■ Goal of the exercise
Retype the data below, every word of it, exactly.

[Information supplied]

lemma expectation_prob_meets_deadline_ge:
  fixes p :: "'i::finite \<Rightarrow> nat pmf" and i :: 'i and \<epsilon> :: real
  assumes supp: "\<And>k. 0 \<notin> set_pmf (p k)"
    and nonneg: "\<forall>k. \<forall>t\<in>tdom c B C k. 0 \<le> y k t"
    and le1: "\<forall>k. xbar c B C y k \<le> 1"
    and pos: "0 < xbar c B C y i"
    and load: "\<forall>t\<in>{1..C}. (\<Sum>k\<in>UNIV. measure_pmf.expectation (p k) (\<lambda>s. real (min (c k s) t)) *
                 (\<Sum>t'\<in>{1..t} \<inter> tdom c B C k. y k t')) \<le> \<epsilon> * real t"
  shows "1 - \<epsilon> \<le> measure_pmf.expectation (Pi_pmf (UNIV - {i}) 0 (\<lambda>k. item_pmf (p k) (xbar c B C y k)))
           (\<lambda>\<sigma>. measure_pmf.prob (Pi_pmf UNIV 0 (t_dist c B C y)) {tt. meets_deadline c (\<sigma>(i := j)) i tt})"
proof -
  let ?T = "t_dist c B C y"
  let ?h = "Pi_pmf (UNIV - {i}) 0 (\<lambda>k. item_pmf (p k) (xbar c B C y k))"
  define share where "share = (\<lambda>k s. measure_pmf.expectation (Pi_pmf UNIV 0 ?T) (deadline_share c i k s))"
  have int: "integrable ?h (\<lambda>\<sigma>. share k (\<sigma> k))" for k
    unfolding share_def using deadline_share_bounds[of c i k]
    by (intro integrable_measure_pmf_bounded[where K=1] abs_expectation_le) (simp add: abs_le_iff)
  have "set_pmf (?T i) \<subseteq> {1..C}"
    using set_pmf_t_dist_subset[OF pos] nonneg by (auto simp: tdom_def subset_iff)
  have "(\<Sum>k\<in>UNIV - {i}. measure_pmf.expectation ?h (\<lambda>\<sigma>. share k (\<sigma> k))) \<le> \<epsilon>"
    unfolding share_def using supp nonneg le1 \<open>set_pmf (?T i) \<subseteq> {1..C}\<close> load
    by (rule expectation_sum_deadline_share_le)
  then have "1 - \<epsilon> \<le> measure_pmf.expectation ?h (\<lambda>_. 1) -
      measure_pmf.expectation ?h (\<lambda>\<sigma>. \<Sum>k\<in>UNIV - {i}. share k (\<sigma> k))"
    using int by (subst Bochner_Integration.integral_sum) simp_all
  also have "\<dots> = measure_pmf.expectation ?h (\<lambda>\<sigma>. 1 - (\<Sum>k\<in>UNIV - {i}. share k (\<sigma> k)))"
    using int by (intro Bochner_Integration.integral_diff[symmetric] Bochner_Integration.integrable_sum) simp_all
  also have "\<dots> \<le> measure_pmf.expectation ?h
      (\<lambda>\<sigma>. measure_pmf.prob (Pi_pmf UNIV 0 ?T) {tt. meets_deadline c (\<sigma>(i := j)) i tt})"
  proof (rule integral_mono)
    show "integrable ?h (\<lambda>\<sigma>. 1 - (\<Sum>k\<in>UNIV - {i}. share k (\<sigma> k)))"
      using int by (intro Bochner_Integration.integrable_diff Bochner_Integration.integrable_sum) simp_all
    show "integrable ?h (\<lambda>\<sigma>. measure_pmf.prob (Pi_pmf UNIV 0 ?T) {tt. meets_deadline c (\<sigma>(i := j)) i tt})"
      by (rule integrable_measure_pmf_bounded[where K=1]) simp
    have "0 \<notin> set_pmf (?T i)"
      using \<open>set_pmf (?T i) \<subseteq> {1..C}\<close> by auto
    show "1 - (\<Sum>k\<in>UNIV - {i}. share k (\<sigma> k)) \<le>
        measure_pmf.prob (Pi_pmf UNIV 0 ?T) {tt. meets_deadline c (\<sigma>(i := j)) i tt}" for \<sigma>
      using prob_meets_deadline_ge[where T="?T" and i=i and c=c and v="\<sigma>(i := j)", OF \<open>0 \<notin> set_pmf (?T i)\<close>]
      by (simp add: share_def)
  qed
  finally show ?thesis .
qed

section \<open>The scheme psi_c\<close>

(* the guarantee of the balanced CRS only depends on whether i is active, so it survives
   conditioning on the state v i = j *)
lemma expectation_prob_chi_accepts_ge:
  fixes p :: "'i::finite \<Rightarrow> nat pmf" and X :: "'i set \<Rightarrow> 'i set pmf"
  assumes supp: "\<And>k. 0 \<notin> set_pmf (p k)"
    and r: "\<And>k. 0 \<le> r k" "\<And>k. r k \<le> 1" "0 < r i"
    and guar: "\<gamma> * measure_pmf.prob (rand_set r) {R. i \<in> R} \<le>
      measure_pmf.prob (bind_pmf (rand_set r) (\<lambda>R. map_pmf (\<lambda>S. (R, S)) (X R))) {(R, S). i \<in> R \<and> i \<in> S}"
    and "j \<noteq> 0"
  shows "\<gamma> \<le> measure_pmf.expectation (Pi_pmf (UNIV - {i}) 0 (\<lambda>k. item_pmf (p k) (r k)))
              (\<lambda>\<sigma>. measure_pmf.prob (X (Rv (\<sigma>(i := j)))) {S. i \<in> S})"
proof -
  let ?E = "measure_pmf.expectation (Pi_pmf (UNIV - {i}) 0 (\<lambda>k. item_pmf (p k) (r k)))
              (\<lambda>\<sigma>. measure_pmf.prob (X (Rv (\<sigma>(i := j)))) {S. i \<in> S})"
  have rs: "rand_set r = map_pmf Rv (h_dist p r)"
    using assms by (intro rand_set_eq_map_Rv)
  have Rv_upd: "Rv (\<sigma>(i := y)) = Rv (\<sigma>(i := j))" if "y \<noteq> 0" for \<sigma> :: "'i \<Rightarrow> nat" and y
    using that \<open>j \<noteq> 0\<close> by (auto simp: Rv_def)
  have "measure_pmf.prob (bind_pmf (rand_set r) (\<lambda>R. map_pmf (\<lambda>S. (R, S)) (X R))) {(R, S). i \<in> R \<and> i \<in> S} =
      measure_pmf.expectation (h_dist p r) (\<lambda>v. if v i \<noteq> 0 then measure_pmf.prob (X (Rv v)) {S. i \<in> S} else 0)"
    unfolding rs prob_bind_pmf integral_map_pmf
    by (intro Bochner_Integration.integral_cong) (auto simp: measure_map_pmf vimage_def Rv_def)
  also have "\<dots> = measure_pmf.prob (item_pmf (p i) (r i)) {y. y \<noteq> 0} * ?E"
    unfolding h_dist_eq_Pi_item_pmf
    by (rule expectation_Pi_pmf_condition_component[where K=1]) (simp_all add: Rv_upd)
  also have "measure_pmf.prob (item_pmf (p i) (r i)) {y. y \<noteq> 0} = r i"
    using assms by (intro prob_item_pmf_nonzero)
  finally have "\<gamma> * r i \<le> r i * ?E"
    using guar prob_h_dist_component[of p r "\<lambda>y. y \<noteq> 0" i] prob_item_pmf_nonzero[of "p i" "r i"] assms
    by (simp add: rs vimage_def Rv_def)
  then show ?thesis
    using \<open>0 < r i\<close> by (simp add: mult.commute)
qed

[/Information supplied]

■ Problem solution
lemma expectation_prob_meets_deadline_ge:
  fixes p :: "'i::finite \<Rightarrow> nat pmf" and i :: 'i and \<epsilon> :: real
  assumes supp: "\<And>k. 0 \<notin> set_pmf (p k)"
    and nonneg: "\<forall>k. \<forall>t\<in>tdom c B C k. 0 \<le> y k t"
    and le1: "\<forall>k. xbar c B C y k \<le> 1"
    and pos: "0 < xbar c B C y i"
    and load: "\<forall>t\<in>{1..C}. (\<Sum>k\<in>UNIV. measure_pmf.expectation (p k) (\<lambda>s. real (min (c k s) t)) *
                 (\<Sum>t'\<in>{1..t} \<inter> tdom c B C k. y k t')) \<le> \<epsilon> * real t"
  shows "1 - \<epsilon> \<le> measure_pmf.expectation (Pi_pmf (UNIV - {i}) 0 (\<lambda>k. item_pmf (p k) (xbar c B C y k)))
           (\<lambda>\<sigma>. measure_pmf.prob (Pi_pmf UNIV 0 (t_dist c B C y)) {tt. meets_deadline c (\<sigma>(i := j)) i tt})"
proof -
  let ?T = "t_dist c B C y"
  let ?h = "Pi_pmf (UNIV - {i}) 0 (\<lambda>k. item_pmf (p k) (xbar c B C y k))"
  define share where "share = (\<lambda>k s. measure_pmf.expectation (Pi_pmf UNIV 0 ?T) (deadline_share c i k s))"
  have int: "integrable ?h (\<lambda>\<sigma>. share k (\<sigma> k))" for k
    unfolding share_def using deadline_share_bounds[of c i k]
    by (intro integrable_measure_pmf_bounded[where K=1] abs_expectation_le) (simp add: abs_le_iff)
  have "set_pmf (?T i) \<subseteq> {1..C}"
    using set_pmf_t_dist_subset[OF pos] nonneg by (auto simp: tdom_def subset_iff)
  have "(\<Sum>k\<in>UNIV - {i}. measure_pmf.expectation ?h (\<lambda>\<sigma>. share k (\<sigma> k))) \<le> \<epsilon>"
    unfolding share_def using supp nonneg le1 \<open>set_pmf (?T i) \<subseteq> {1..C}\<close> load
    by (rule expectation_sum_deadline_share_le)
  then have "1 - \<epsilon> \<le> measure_pmf.expectation ?h (\<lambda>_. 1) -
      measure_pmf.expectation ?h (\<lambda>\<sigma>. \<Sum>k\<in>UNIV - {i}. share k (\<sigma> k))"
    using int by (subst Bochner_Integration.integral_sum) simp_all
  also have "\<dots> = measure_pmf.expectation ?h (\<lambda>\<sigma>. 1 - (\<Sum>k\<in>UNIV - {i}. share k (\<sigma> k)))"
    using int by (intro Bochner_Integration.integral_diff[symmetric] Bochner_Integration.integrable_sum) simp_all
  also have "\<dots> \<le> measure_pmf.expectation ?h
      (\<lambda>\<sigma>. measure_pmf.prob (Pi_pmf UNIV 0 ?T) {tt. meets_deadline c (\<sigma>(i := j)) i tt})"
  proof (rule integral_mono)
    show "integrable ?h (\<lambda>\<sigma>. 1 - (\<Sum>k\<in>UNIV - {i}. share k (\<sigma> k)))"
      using int by (intro Bochner_Integration.integrable_diff Bochner_Integration.integrable_sum) simp_all
    show "integrable ?h (\<lambda>\<sigma>. measure_pmf.prob (Pi_pmf UNIV 0 ?T) {tt. meets_deadline c (\<sigma>(i := j)) i tt})"
      by (rule integrable_measure_pmf_bounded[where K=1]) simp
    have "0 \<notin> set_pmf (?T i)"
      using \<open>set_pmf (?T i) \<subseteq> {1..C}\<close> by auto
    show "1 - (\<Sum>k\<in>UNIV - {i}. share k (\<sigma> k)) \<le>
        measure_pmf.prob (Pi_pmf UNIV 0 ?T) {tt. meets_deadline c (\<sigma>(i := j)) i tt}" for \<sigma>
      using prob_meets_deadline_ge[where T="?T" and i=i and c=c and v="\<sigma>(i := j)", OF \<open>0 \<notin> set_pmf (?T i)\<close>]
      by (simp add: share_def)
  qed
  finally show ?thesis .
qed

section \<open>The scheme psi_c\<close>

(* the guarantee of the balanced CRS only depends on whether i is active, so it survives
   conditioning on the state v i = j *)
lemma expectation_prob_chi_accepts_ge:
  fixes p :: "'i::finite \<Rightarrow> nat pmf" and X :: "'i set \<Rightarrow> 'i set pmf"
  assumes supp: "\<And>k. 0 \<notin> set_pmf (p k)"
    and r: "\<And>k. 0 \<le> r k" "\<And>k. r k \<le> 1" "0 < r i"
    and guar: "\<gamma> * measure_pmf.prob (rand_set r) {R. i \<in> R} \<le>
      measure_pmf.prob (bind_pmf (rand_set r) (\<lambda>R. map_pmf (\<lambda>S. (R, S)) (X R))) {(R, S). i \<in> R \<and> i \<in> S}"
    and "j \<noteq> 0"
  shows "\<gamma> \<le> measure_pmf.expectation (Pi_pmf (UNIV - {i}) 0 (\<lambda>k. item_pmf (p k) (r k)))
              (\<lambda>\<sigma>. measure_pmf.prob (X (Rv (\<sigma>(i := j)))) {S. i \<in> S})"
proof -
  let ?E = "measure_pmf.expectation (Pi_pmf (UNIV - {i}) 0 (\<lambda>k. item_pmf (p k) (r k)))
              (\<lambda>\<sigma>. measure_pmf.prob (X (Rv (\<sigma>(i := j)))) {S. i \<in> S})"
  have rs: "rand_set r = map_pmf Rv (h_dist p r)"
    using assms by (intro rand_set_eq_map_Rv)
  have Rv_upd: "Rv (\<sigma>(i := y)) = Rv (\<sigma>(i := j))" if "y \<noteq> 0" for \<sigma> :: "'i \<Rightarrow> nat" and y
    using that \<open>j \<noteq> 0\<close> by (auto simp: Rv_def)
  have "measure_pmf.prob (bind_pmf (rand_set r) (\<lambda>R. map_pmf (\<lambda>S. (R, S)) (X R))) {(R, S). i \<in> R \<and> i \<in> S} =
      measure_pmf.expectation (h_dist p r) (\<lambda>v. if v i \<noteq> 0 then measure_pmf.prob (X (Rv v)) {S. i \<in> S} else 0)"
    unfolding rs prob_bind_pmf integral_map_pmf
    by (intro Bochner_Integration.integral_cong) (auto simp: measure_map_pmf vimage_def Rv_def)
  also have "\<dots> = measure_pmf.prob (item_pmf (p i) (r i)) {y. y \<noteq> 0} * ?E"
    unfolding h_dist_eq_Pi_item_pmf
    by (rule expectation_Pi_pmf_condition_component[where K=1]) (simp_all add: Rv_upd)
  also have "measure_pmf.prob (item_pmf (p i) (r i)) {y. y \<noteq> 0} = r i"
    using assms by (intro prob_item_pmf_nonzero)
  finally have "\<gamma> * r i \<le> r i * ?E"
    using guar prob_h_dist_component[of p r "\<lambda>y. y \<noteq> 0" i] prob_item_pmf_nonzero[of "p i" "r i"] assms
    by (simp add: rs vimage_def Rv_def)
  then show ?thesis
    using \<open>0 < r i\<close> by (simp add: mult.commute)
qed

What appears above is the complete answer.